Amidst migraine-inducing prices this year, a common refrain we’ve heard is “It’s unsustainable, the prices MUST come down eventually.” So when DBS reported a possible price increase of between 35 and 55 per cent by 2040, we could practically hear the blood vessels popping. But DBS isn’t being unrealistic here – not when we face the conundrum of a rising population, plus an increasing reluctance for more of us to live under the same roof. It’s a little like the DBS report I mentioned from 2018 – its projected price hikes seemed implausible then, but here we are today.
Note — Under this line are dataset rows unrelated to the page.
(* The Frobenius identities below are proved by root counting: a polynomial with more roots
   than its degree is zero, and (a + x)^k - x^k - b has degree less than k. *)
lemma poly_eq_0_if_many_roots:
  fixes p :: "'b::idom poly"
  assumes roots: "\<And>x. x \<in> S \<Longrightarrow> poly p x = 0" and "degree p < card S"
  shows "p = 0"
proof (rule ccontr)
  assume "p \<noteq> 0"
  have "card S \<le> card {x. poly p x = 0}"
    using roots by (intro card_mono poly_roots_finite \<open>p \<noteq> 0\<close>) auto
  also have "\<dots> \<le> degree p" by (rule card_poly_roots_bound) fact
  finally show False using \<open>degree p < card S\<close> by simp
qed

lemma degree_linear_power_diff_less:
  fixes a b :: "'b::field"
  assumes "k > 0"
  shows "degree ([:a, 1:] ^ k - [:0, 1:] ^ k - [:b:]) < k"
proof -
  define A where "A = [:a, 1:] ^ k - [:0, 1:] ^ k"
  have "degree A \<le> k"
    unfolding A_def by (intro degree_diff_le) (simp_all add: degree_linear_power)
  moreover have "coeff A k = 0"
    using lead_coeff_power[of "[:a, 1:]" k] lead_coeff_power[of "[:0, 1:]" k]
    by (simp add: A_def degree_linear_power)
  ultimately have "degree A < k"
    using assms by (metis leading_coeff_0_iff le_neq_implies_less degree_0)
  thus ?thesis unfolding A_def[symmetric] using assms by (intro degree_diff_less) auto
qed

(* The Frobenius map y \<mapsto> y^q is additive on the closure: first for one summand in F_q, by
   counting roots in F_q, then in general, by counting roots in the copy of F_q. *)
lemma frobenius_add_to_ac:
  fixes c :: "'a::{finite,field}" and x :: "'a alg_closure"
  shows "(to_ac c + x) ^ CARD('a) = to_ac c + x ^ CARD('a)"
proof -
  define p :: "'a poly" where "p = [:c, 1:] ^ CARD('a) - [:0, 1:] ^ CARD('a) - [:c:]"
  have "p = 0"
  proof (rule poly_eq_0_if_many_roots)
    show "poly p a = 0" if "a \<in> UNIV" for a
      by (simp add: p_def poly_power power_card_eq_self)
    show "degree p < CARD('a)"
      unfolding p_def using card_UNIV_field_ge_2[where 'a='a]
      by (intro degree_linear_power_diff_less) simp
  qed
  hence "ac_eval p x = 0" by simp
  thus ?thesis by (simp add: p_def ac_eval_diff ac_eval_power ac_eval_pCons diff_eq_eq)
qed

lemma frobenius_add:
  fixes x y :: "'a::{finite,field} alg_closure"
  shows "(x + y) ^ CARD('a) = x ^ CARD('a) + y ^ CARD('a)"
proof -
  define p :: "'a alg_closure poly"
    where "p = [:y, 1:] ^ CARD('a) - [:0, 1:] ^ CARD('a) - [:y ^ CARD('a):]"
  have "p = 0"
  proof (rule poly_eq_0_if_many_roots)
    show "poly p z = 0" if z: "z \<in> range to_ac" for z
    proof -
      obtain c where "z = to_ac c" using z by blast
      moreover have "(y + to_ac c) ^ CARD('a) = to_ac c + y ^ CARD('a)"
        using frobenius_add_to_ac[of c y] by (simp add: add.commute)
      ultimately show ?thesis by (simp add: p_def poly_power to_ac_power_card)
    qed
    show "degree p < card (range (to_ac :: 'a \<Rightarrow> _))"
      unfolding p_def card_image[OF inj_to_ac] using card_UNIV_field_ge_2[where 'a='a]
      by (intro degree_linear_power_diff_less) simp
  qed
  hence "poly p x = 0" by simp
  thus ?thesis by (simp add: p_def poly_power algebra_simps)
qed

lemma frobenius_power_add:
  fixes x y :: "'a::{finite,field} alg_closure"
  shows "(x + y) ^ CARD('a) ^ m = x ^ CARD('a) ^ m + y ^ CARD('a) ^ m"
proof (induction m)
  case (Suc m)
  show ?case by (simp only: power_Suc2 power_mult Suc.IH frobenius_add)
qed simp

lemma frobenius_neg:
  fixes x :: "'a::{finite,field} alg_closure"
  shows "(- x) ^ CARD('a) = - (x ^ CARD('a))"
proof -
  have "(- x) ^ CARD('a) + x ^ CARD('a) = 0"
    using frobenius_add[of "- x" x] card_UNIV_field_ge_2[where 'a='a] by (simp add: power_0_left)
  thus ?thesis by (simp add: eq_neg_iff_add_eq_0)
qed

lemma frobenius_power_inj:
  fixes x y :: "'a::{finite,field} alg_closure"
  assumes "x ^ CARD('a) ^ m = y ^ CARD('a) ^ m"
  shows "x = y"
proof -
  have "(x - y) ^ CARD('a) ^ m + y ^ CARD('a) ^ m = x ^ CARD('a) ^ m"
    using frobenius_power_add[of "x - y" y m] by simp
  hence "(x - y) ^ CARD('a) ^ m = 0" using assms by simp
  thus ?thesis by simp
qed

(* The fixed points of Frobenius are exactly the elements of F_q: they are the q roots of x^q - x. *)
lemma frobenius_fixed_imp_in_range:
  fixes y :: "'a::{finite,field} alg_closure"
  assumes "y ^ CARD('a) = y"
  shows "y \<in> range to_ac"
proof -
  define p :: "'a alg_closure poly" where "p = [:0, 1:] ^ CARD('a) + [:0, -1:]"
  have "degree p = CARD('a)"
    using card_UNIV_field_ge_2[where 'a='a] by (simp add: p_def degree_add_eq_left degree_linear_power)
  hence "p \<noteq> 0" using card_UNIV_field_ge_2[where 'a='a] by auto
  define R where "R = {z. poly p z = 0}"
  have finite: "finite R" unfolding R_def by (rule poly_roots_finite) fact
  have "card R \<le> CARD('a)"
    unfolding R_def using card_poly_roots_bound[OF \<open>p \<noteq> 0\<close>] \<open>degree p = CARD('a)\<close> by simp
  moreover have sub: "range to_ac \<subseteq> R" by (auto simp: R_def p_def poly_power to_ac_power_card)
  moreover have "card (range (to_ac :: 'a \<Rightarrow> _)) = CARD('a)" by (simp add: card_image inj_to_ac)
  ultimately have "range to_ac = R" using card_subset_eq[OF finite sub] card_mono[OF finite sub] by simp
  moreover have "y \<in> R" using assms by (simp add: R_def p_def poly_power)
  ultimately show ?thesis by simp
qed

lemma ac_eval_frobenius:
  fixes p :: "'a::{finite,field} poly"
  shows "ac_eval p x ^ CARD('a) ^ m = ac_eval p (x ^ CARD('a) ^ m)"
  using card_UNIV_field_ge_2[where 'a='a]
  by (induction p) (simp_all add: ac_eval_pCons frobenius_power_add power_mult_distrib
      to_ac_power_card_power power_0_left flip: power_mult)

lemma frobenius_orbit_cancel:
  fixes x :: "'a::{finite,field} alg_closure"
  assumes "x ^ CARD('a) ^ a = x ^ CARD('a) ^ b" "a < b"
  shows "x ^ CARD('a) ^ (b - a) = x"
proof (rule frobenius_power_inj)
  show "(x ^ CARD('a) ^ (b - a)) ^ CARD('a) ^ a = x ^ CARD('a) ^ a"
    using assms by (simp flip: power_mult power_add)
qed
And if this has you thinking, “Surely prices can’t keep climbing forever,” you’re not the only one. Many buyers are still trying to square what they see in listings with what the data shows. Tell us what you’re considering and we’ll connect you with one of our trusted partner agents who can help you make sense of where prices really stand, beyond the headlines.
What does the DBS report say?

In its latest report (Singapore 2040: The Next 15 Years of Quality and Inclusive Growth), DBS projects that Singapore could see up to 320,000 new homes built by 2040. This is across both public and private sectors:
This is where the expected new supply will come from:
| Housing Area | Est. no. of new homes |
| Paya Lebar Air Base-Defu* | 150,000 |
| Bukit Timah Turf City | 15,000 – 20,000 |
| Former Singapore Racecourse site at Kranji | 14,000 |
| Marina South | 10,000 |
| Sembawang Shipyard | 10,000 |
| Former Keppel Golf Course | 9,000 |
| Mount Pleasant | 6,000 |
| Pearl’s Hill | 6,000 |
| Dover-Medway (Phase 1) | 6,000 |
| Mediapolis | 5,000 |
| Newton | 5,000 |
| Paterson | 1,000 |
*The planned relocation of Paya Lebar Air Base provides the largest source of new homes; you can read more about it here.
However, all this increased supply isn’t expected to lower prices.

In fact, despite the ramp up in supply, DBS forecasts that property prices will rise by an average of two to three per cent annually, or between 35 to 55 per cent higher than the present, by 2040.
These projections come with an important caveat: they don’t distinguish between HDB and private housing. HDB prices are more tightly controlled by the government; as such, the 35 to 55 per cent projected price increase refers to the overall housing market, rather than specifically to private condos or public flats. It’s also plausible that the government won’t let BTO flats rise at the same pace, whether through increased subsidies or other methods. Private markets, however, are more loosely controlled except via cooling measures.
(As for the resale flat market though, we have no idea how hands-on or hands-off they’ll choose to be.)
In any case, the ramp up in construction supports a rising population, expected to hit about 6.9 million over the next 15 years. The population increase compounds the issue of shrinking household sizes: more Singaporeans – both old and young – are choosing to live independently, as opposed to the whole family living under one roof.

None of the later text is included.